В нише слева стоит скульптура женщины, а через проход перед склепом — мужчины. Незнакомка, стоящая по щиколотку в воде, нерешительно делает шаг вперед, в фигуре чувствуется сдержанная сила и обаяние, а в нежных чертах лица, в складках губ затаилась мягкая улыбка Джоконды. Кто она? Египтянка или гречанка? Не знаю. Но это настоящее искусство, возможно, синтез египетского и греческого.
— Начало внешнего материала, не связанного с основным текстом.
(* Let $Q$ be a Dynkin quiver. For every $x\in\mathcal{I}_Q$ there is an isomorphism in $\mathcal{M}_Q$ $$\mu_x Y(x)\otimes Y(\tau^{-1}x)\;\simeq\;F(x)\otimes\bigotimes_{y:\,x\to y}Y(y),$$ the tensor product on the right running over the arrows $x\to y$ of $\mathbb{Z}Q$; equivalently, both sides have the same underlying multiset and the same function.
   Context: $\mathbf{k}$ is an algebraically closed field of characteristic $0$. $Q$ is a Dynkin quiver, $\mathbb{Z}Q$ its repetition quiver (vertices $(i,p)$ with $p$ of fixed parity depending on $i$, alternating along edges; arrows $(t,p)\to(s,p+1)$ and $(s,p)\to(t,p+1)$ for each arrow $s\to t$ of $Q$; $\tau(i,p)=(i,p-2)$), identified via Happel's theorem with the set $\mathcal{I}_Q$ of isomorphism classes of indecomposable objects of $\mathcal{D}:=\mathcal{D}^b(\mathrm{Rep}\,Q)$ ($\tau$ = AR translation, arrows = irreducible morphisms). $\Sigma$ is the shift, $S:=\tau\Sigma$ the Serre functor. For $f:(\mathbb{Z}Q)_0\to\mathbb{Z}$, $\widetilde f(x):=f(x)+f(\tau x)-\sum_{y\to x}f(y)$; $\delta_x$ is the indicator of $\{x\}$. A section of $Q$ in $\mathbb{Z}Q$ is a set $\{(i,p_i)\}_{i\in I}$ with $p_{s(\alpha)}-p_{t(\alpha)}=1$ for every arrow $\alpha$; $Q_x$ is the section containing $x$. $h_x$ is the unique function with $\widetilde{h_x}=\delta_x$ and $h_x(y)=\dim\mathrm{Hom}_{\mathcal D}(x,y)$ for $y\in Q_x$. Objects of $\widetilde{\mathcal{M}_Q}$ are pairs $(X,f)$, $X$ a multiset of elements of $\mathcal{I}_Q$, $f$ with $\widetilde f$ finitely supported; $\mathcal{M}_Q$ is its additive hull. The Serre tilting at a finite sub-multiset $Z\subseteq X$ is $\mu_Z(X,f):=((X\setminus Z)\sqcup\{Sz:z\in Z\},\ f-\sum_{z\in Z}\delta_z)$; $\mu_x:=\mu_{\{x\}}$. The monoidal structure is $(X,f)\otimes(Y,g):=(X\sqcup Y,f+g)$ (disjoint union of multisets). The hammock multiset $H(x)$ contains exactly $\dim_{\mathbf k}\mathrm{Hom}_{\mathcal D}(x,y)$ copies of each $y\in\mathcal{I}_Q$; the hammock object is $Y(x):=(H(x),h_x)$; and $F(x):=(\{Sx,\Sigma x\},0)$. *)

theory Defs
  imports Main "HOL-Library.Multiset"
begin

text \<open>A quiver Q is given by a finite vertex set I and a set A of arrows (s,t), meaning s -> t.
Dynkin quivers have no multiple arrows, so a set of pairs suffices.\<close>

definition tits_form :: "'i set \<Rightarrow> ('i \<times> 'i) set \<Rightarrow> ('i \<Rightarrow> int) \<Rightarrow> int" where
  "tits_form I A v = (\<Sum>i\<in>I. (v i)^2) - (\<Sum>(s,t)\<in>A. v s * v t)"

definition dynkin_quiver :: "'i set \<Rightarrow> ('i \<times> 'i) set \<Rightarrow> bool" where
  "dynkin_quiver I A \<longleftrightarrow> finite I \<and> I \<noteq> {} \<and> A \<subseteq> I \<times> I
     \<and> (\<forall>i\<in>I. \<forall>j\<in>I. (i, j) \<in> (A \<union> A\<inverse>)\<^sup>*)
     \<and> (\<forall>v. (\<exists>i\<in>I. v i \<noteq> 0) \<longrightarrow> tits_form I A v > 0)"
Считается, что катакомбы были местом захоронений. Это несомненно. Но здесь также, по всей вероятности, проводились богослужения в честь бога Аписа — священного быка, символа плодородия, почитавшегося в Египте до самой христианской эры. Существовали оракулы, строившие свои предсказания на особенностях поведения животного. Но как совместить место захоронений и священные церемонии в честь Аписа? Дело в том, что похороны Аписа и выбор его преемника считались крупным религиозным событием. Мумии быков в колоссальных саркофагах помещались в катакомбах мемфисского некрополя. А на стене в катакомбах Ком эль-Шугафа я своими глазами видел изображение крылатого быка Аписа. И еще одно только замечание по поводу взаимовлияния греко-римской культуры и египетской. Как я уже говорил, в греко-римскую эпоху, при Птолемеях, Аписа включили в культ нового в Египте бога — Сераписа, которому поклонялись все жители Александрии. Это ли не пример слияния разных культур?
Из курьезов можно сообщить, что в одном из нижних залов катакомб находится захоронение любимца императора Каракаллы (того самого, кто хотел прикрыть Александрийскую академию); этим фаворитом был любимый конь императора — череп и кости любимца в полной сохранности покоятся в нижнем ярусе, а дальше катакомбы уходят вглубь, под воду, в неизвестность...
Древнюю Александрию, как, впрочем, и другие исторические города-памятники, не раз сравнивали с Атлантидой, ушедшей в морские глубины: где-то там внизу, под современными площадями и зданиями находятся царские дворцы и гробницы, рынки и остатки укреплений...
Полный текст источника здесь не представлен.